**LISTED ENTRIES**

Content starts

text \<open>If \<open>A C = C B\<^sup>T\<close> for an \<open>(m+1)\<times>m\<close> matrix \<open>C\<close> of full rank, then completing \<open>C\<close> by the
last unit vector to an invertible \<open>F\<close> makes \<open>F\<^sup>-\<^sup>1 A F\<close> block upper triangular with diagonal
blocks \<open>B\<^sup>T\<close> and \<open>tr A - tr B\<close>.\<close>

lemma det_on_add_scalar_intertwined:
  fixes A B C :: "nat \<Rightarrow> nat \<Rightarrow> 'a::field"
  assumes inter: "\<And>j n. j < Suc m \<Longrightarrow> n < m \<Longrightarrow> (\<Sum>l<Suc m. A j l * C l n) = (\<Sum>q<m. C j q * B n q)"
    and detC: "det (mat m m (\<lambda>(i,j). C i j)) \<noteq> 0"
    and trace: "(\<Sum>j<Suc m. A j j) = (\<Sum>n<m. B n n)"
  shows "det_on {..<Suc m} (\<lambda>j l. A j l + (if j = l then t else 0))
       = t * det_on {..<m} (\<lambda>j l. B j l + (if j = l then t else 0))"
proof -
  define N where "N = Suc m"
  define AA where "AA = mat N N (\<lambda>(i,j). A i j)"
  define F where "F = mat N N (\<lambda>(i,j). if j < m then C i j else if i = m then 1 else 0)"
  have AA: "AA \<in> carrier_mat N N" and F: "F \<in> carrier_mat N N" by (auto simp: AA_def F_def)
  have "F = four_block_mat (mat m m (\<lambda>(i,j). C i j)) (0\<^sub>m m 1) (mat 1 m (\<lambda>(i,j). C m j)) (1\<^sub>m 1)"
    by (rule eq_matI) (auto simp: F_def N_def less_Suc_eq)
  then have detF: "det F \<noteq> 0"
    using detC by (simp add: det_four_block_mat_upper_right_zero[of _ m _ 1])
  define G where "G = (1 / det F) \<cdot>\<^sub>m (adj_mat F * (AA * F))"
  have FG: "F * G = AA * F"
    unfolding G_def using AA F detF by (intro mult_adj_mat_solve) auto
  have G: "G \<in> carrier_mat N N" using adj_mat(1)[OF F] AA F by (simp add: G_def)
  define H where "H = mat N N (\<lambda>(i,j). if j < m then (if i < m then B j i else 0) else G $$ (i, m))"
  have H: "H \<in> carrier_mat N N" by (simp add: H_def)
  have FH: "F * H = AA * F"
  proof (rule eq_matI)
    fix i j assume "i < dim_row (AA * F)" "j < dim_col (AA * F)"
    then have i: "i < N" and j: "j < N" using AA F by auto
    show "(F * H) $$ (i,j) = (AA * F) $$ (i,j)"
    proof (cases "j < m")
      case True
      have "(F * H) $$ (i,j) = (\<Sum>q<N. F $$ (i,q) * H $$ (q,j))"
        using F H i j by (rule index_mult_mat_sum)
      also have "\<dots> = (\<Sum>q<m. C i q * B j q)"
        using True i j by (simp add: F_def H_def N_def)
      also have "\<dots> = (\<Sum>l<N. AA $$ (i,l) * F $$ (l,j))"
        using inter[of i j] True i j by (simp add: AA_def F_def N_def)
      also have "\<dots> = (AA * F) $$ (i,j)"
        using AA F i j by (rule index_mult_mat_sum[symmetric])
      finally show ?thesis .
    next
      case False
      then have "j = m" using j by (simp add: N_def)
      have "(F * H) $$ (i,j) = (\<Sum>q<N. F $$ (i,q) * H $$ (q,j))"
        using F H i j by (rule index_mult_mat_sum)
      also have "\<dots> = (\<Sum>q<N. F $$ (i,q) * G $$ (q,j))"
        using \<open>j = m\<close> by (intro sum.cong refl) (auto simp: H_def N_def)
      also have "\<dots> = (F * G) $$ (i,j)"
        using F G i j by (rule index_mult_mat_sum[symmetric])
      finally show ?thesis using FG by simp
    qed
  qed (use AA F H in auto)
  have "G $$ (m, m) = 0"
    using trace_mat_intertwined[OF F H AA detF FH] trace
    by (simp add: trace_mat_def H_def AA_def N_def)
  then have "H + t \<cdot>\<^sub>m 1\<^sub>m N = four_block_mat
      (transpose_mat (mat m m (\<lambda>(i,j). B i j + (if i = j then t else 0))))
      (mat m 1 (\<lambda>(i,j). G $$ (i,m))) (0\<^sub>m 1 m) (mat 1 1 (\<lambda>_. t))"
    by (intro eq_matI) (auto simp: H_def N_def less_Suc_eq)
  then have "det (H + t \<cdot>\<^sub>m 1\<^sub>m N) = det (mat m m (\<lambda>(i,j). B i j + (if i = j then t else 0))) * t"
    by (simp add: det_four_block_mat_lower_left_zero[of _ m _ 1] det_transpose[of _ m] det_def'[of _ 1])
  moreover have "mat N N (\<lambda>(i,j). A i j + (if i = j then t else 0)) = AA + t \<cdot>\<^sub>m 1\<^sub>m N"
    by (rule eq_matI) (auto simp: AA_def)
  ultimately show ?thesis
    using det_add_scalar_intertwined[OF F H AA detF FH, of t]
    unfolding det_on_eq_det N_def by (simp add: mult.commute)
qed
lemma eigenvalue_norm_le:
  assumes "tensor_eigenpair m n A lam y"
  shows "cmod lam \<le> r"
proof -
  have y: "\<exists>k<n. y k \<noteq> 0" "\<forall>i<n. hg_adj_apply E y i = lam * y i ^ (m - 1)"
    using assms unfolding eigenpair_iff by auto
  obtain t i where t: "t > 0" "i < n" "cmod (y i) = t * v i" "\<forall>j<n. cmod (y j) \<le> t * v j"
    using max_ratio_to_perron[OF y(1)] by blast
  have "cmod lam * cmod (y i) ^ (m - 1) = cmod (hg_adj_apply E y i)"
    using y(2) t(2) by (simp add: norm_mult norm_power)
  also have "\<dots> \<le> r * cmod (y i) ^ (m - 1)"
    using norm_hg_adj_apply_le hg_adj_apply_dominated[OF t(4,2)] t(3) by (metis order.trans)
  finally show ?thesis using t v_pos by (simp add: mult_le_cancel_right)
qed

Content ends

**EXERCISE AIM**
Scan the entries above, and wherever a line holds the string "also", copy it.

**RESULT OF THIS EXERCISE**
      also have "\<dots> = (\<Sum>q<m. C i q * B j q)"
      also have "\<dots> = (\<Sum>l<N. AA $$ (i,l) * F $$ (l,j))"
      also have "\<dots> = (AA * F) $$ (i,j)"
      also have "\<dots> = (\<Sum>q<N. F $$ (i,q) * G $$ (q,j))"
      also have "\<dots> = (F * G) $$ (i,j)"
  also have "\<dots> \<le> r * cmod (y i) ^ (m - 1)"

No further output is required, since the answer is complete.